Justice Susan Odongo of the Commercial Division of the High Court has saved more than 3500 Ugandans working with Massalia SMC Limited a betting company from losing their jobs by staying the enforcement of Uganda Revenue Authority (URA) collection to a tune of Shs24.7bn from the company’s trustee portal.
In her ruling, the judge agreed with the affidavit evidence of Francis Xavier Drani the betting company’s authorised Tax Agent who stated that URA’s actions were in total violation of the orders issued by the Tax Appeals Tribunal which declared that using a wrong methodology in assessing the betting company’s taxes is illegal.
Drani told court that URA’s Shs24.7bn new tax assessments was made based on the wrong assumptions that all deposits are stakes and all withdrawals are payouts for winnings.
The judge disagreed with URA’s evidence filed by Teddy Kyaligonza, the authority’s Acting Manager of the Information Communication Technology and Gaming Sector, that the assessments in dispute were fresh and different in both substance and form.
She explains that the assessments relate to a new tax period (September 2023 to June 2024) and the figures were reconciled based on workings provided by the betting company insisting that the authority is executing its duty-bound by law to collect taxes, which are the lifeblood of the economic development of Uganda.
However, the judge noted in her ruling that the core of the dispute lies in whether a change in the tax period constitutes a change in the taxation substance.
She based on the Tribunal’s decision which held that treating all deposits as stakes and all withdrawals as winnings was legally flawed, excessive, and unlawful noting that Gaming Tax must be computed on the net difference between stakes and payouts as stated in Section 48 of the Lotteries and Gaming Act.
The judge wondered why URA based its findings on assessing tax on data obtained from payment aggregators MTN, Airtel, and Pegasus which are third party well knowing that the tribunal directed them to base their assessment on the betting company’s Apollo Soft transactional data.
She added that treating all withdrawals as taxable winnings without reconciliation to the Apollo Soft system, which is the only system capable of identifying actual wins was a wrong.
The judge explained that staying the actions of URA against a taxpayer was helping the appeal before her which resulted from the decision of the Tax Appeals Tribunal from turning academic.
“I, therefore find that the impugned assessments are not substantively fresh.

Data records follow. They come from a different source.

lemma trap_edge_cases:
  "trap_edge A (paw p) cfg i = {} \<or> trap_edge A (paw p) cfg i = {{0, 1}} \<or>
   trap_edge A (paw p) cfg i = {{0, 2}} \<or> trap_edge A (paw p) cfg i = {{1, 2}}"
proof -
  have "{x, paw_nb p x j} = {0, 1} \<or> {x, paw_nb p x j} = {0, 2} \<or> {x, paw_nb p x j} = {1, 2}"
    if "x = 1 \<or> x = 2" "j < 2" for x j :: nat
    using that(1) less_2_cases[OF that(2)] by (elim disjE) (simp_all add: paw_nb_def insert_commute)
  then show ?thesis unfolding trap_edge_def by (simp split: action.split)
qed

lemma trap_cases:
  "trap A (paw p) cfg = {} \<or> trap A (paw p) cfg = {{0, 1}} \<or>
   trap A (paw p) cfg = {{0, 2}} \<or> trap A (paw p) cfg = {{1, 2}}"
  using trap_edge_cases[of A p cfg 0] trap_edge_cases[of A p cfg 1] unfolding trap_def
  by (cases "trap_edge A (paw p) cfg 0 = {}") simp_all

lemma adversary_trap:
  assumes "p < 3" shows "adversary (paw p) (\<lambda>t. trap A (paw p) (paw_run A p t))"
  unfolding adversary_def edges_paw[OF assms] paw_simps
proof
  fix t
  show "trap A (paw p) (paw_run A p t) \<subseteq> {{0, 1}, {0, 2}, {0, 3}, {1, 2}} \<and>
        card (trap A (paw p) (paw_run A p t)) \<le> 1 \<and>
        connected_on 4 ({{0, 1}, {0, 2}, {0, 3}, {1, 2}} - trap A (paw p) (paw_run A p t))"
    using trap_cases[of A p "paw_run A p t"]
      connected_paw_minus[of "trap A (paw p) (paw_run A p t)"] by (elim disjE) simp_all
qed

lemma hub_edge_not_trapped: "{0, 3} \<notin> trap A (paw p) cfg"
  using trap_cases[of A p cfg] by (elim disjE) (simp_all add: doubleton_eq_iff)

definition at_hub :: "config \<Rightarrow> bool" where
  "at_hub cfg \<longleftrightarrow> (\<forall>i<2. pos (fst cfg i) = 0 \<and> alive (fst cfg i))"

lemma trap_at_hub: "at_hub cfg \<Longrightarrow> trap A I cfg = {}"
  by (simp add: at_hub_def trap_def trap_edge_def split: action.split)

lemma trapped_step:
  assumes "a < 2" "b < 2" "a \<noteq> b" "pos (fst cfg a) = 1 \<or> pos (fst cfg a) = 2"
    and "active (fst cfg b) \<Longrightarrow> pos (fst cfg b) = 0"
  shows "pos (fst (step A (paw p) (trap A (paw p) cfg) cfg) a) = pos (fst cfg a)"
proof -
  have "trap_edge A (paw p) cfg b = {}"
  proof (cases "action_of A (paw p) cfg b")
    case (Go j)
    then show ?thesis using action_of_Go_active[OF Go] assms(5) by (simp add: trap_edge_def)
  qed (simp_all add: trap_edge_def)
  moreover have "a = 0 \<and> b = 1 \<or> a = 1 \<and> b = 0" using assms(1-3) by auto
  ultimately have trap: "trap A (paw p) cfg = trap_edge A (paw p) cfg a"
    by (elim disjE) (simp_all add: trap_def)
  have "{pos (fst cfg a), paw_nb p (pos (fst cfg a)) j} \<in> trap A (paw p) cfg"
    if "action_of A (paw p) cfg a = Go j" "j < paw_deg (pos (fst cfg a))" for j
    using that assms(4) unfolding trap trap_edge_def by (auto simp: paw_deg_def)
  then show ?thesis by (intro step_no_move) simp
qed
(* Assume the context distribution is stationary, i.e. $p(x,t)=p(x)p(t)$ on $\mathcal{X}\times[0,T]$ and $p(x\mid t')=p(x)$. Suppose the logging policy has full support, $\pi_0(a\mid x,t)>0$ for all $x\in\mathcal{X}$, $t\in[0,T]$, $a\in\mathcal{A}$, and that $p(\phi(t'))>0$. Then $$\mathrm{Bias}\big(\nabla_\zeta\hat V^{\mathrm{OPFV}}_{t'}(\pi_\zeta;\mathcal{D})\big)=\mathbb{E}_{p(x,t)\pi_\zeta(a\mid x,t')}\!\left[\frac{\mathbb{I}_\phi(t,t')}{p(\phi(t'))}\big(\Delta_q(x,t,t',a)-\Delta_{\hat f}(x,t,t',a)\big)s_\zeta(x,t',a)\right].$$
   Context: Contexts $x\in\mathcal{X}$, finite action set $\mathcal{A}$, continuous time $t$, rewards $r\in[0,r_{\max}]$. Logged data $\mathcal{D}=\{(x_i,t_i,a_i,r_i)\}_{i=1}^n$: $n$ i.i.d. draws $(x,t)\sim p(x,t)$ supported on $\mathcal{X}\times[0,T]$, $a\sim\pi_0(a\mid x,t)$, $r\sim p(r\mid x,t,a)$; reward distributions defined for all $t\ge0$; $q(x,t,a)=\mathbb{E}[r\mid x,t,a]$. Target time $t'>T$. $\pi_\zeta(a\mid x,t)$ is a policy differentiable in a parameter vector $\zeta$, with score $s_\zeta(x,t,a)=\nabla_\zeta\log\pi_\zeta(a\mid x,t)$; the true gradient is $\nabla_\zeta V_{t'}(\pi_\zeta)=\mathbb{E}_{p(x\mid t')\pi_\zeta(a\mid x,t')}[q(x,t',a)s_\zeta(x,t',a)]$. A time feature function $\phi$ maps times to labels; $\mathbb{I}_\phi(t,t')=\mathbb{I}\{\phi(t)=\phi(t')\}$, $p(\phi(t'))=\int_0^Tp(s)\mathbb{I}_\phi(s,t')ds$. $\hat f$ is a fixed regressor on $\mathcal{X}\times[0,\infty)\times\mathcal{A}$. The OPFV gradient estimator is $$\nabla_\zeta\hat V^{\mathrm{OPFV}}_{t'}(\pi_\zeta;\mathcal{D})=\frac1n\sum_{i=1}^n\left\{\frac{\mathbb{I}_\phi(t_i,t')}{p(\phi(t'))}\frac{\pi_\zeta(a_i\mid x_i,t')}{\pi_0(a_i\mid x_i,t_i)}\big(r_i-\hat f(x_i,t_i,a_i)\big)s_\zeta(x_i,t',a_i)+\mathbb{E}_{\pi_\zeta(a\mid x_i,t')}\big[\hat f(x_i,t',a)s_\zeta(x_i,t',a)\big]\right\},$$ and its bias is $\mathbb{E}_{\mathcal{D}}[\nabla_\zeta\hat V^{\mathrm{OPFV}}_{t'}(\pi_\zeta;\mathcal{D})]-\nabla_\zeta V_{t'}(\pi_\zeta)$. $\Delta_q(x,t,t',a)=q(x,t,a)-q(x,t',a)$, $\Delta_{\hat f}(x,t,t',a)=\hat f(x,t,a)-\hat f(x,t',a)$. *)

theory Defs
  imports "HOL-Probability.Probability"
begin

They represent a persistent administrative refusal to adhere to a valid and binding judicial directive,” she stated.
She added, “The Respondent cannot circumvent the Tax Appeals Tribunal’s Ruling by simply changing the date of the assessment while retaining the identical, unlawful computation logic. To allow this would be to sanction a cycle of administrative defiance that undermines the rule of law.”
She agreed with the betting company that it is facing imminent risk of substantial loss and irreparable injuries if court allows them to lose Shs24.7bn, a portion of which is punters’ money held in trust.
The betting company added that enforcement would lead to business closure, loss of customer confidence, and the immediate loss of jobs for 3,500 employees noting that the balance lies in their favour because URA already holds their Shs8bn.
The judge disagreed with URA’s submissions that the balance of convenience favours the State, which is duty-bound to collect taxes described as the lifeblood of the economic development of Uganda.
“Such a collapse and the subsequent loss of employment for thousands cannot be adequately compensated for damages. On balance of convenience, the Respondent argues that the lifeblood of the economy is at stake. However, the Applicant has demonstrated good faith by expressing a willingness to pay the lawfully assessed amount of Shs4bn based on the Tax Appeals Tribunal’s mandated methodology,” she stated
The judge asked URA for a predictable investment climate rather than allowing administrative actions that may lead to business insolvency before a legal dispute is fully resolved.
She emphasised that allowing URA to continue enforcing a methodology that has been declared unlawful under the guise of fresh assessments while its own appeal is pending would signal regulatory arbitrariness and undermine public confidence in the judicial process.
“I find that the public interest heavily favours the preservation of the status quo. Protecting the integrity of the appellate process and preventing the irreversible destruction of a major employer outweighs the immediate collection of a disputed tax amount derived from a discredited methodology,” she noted.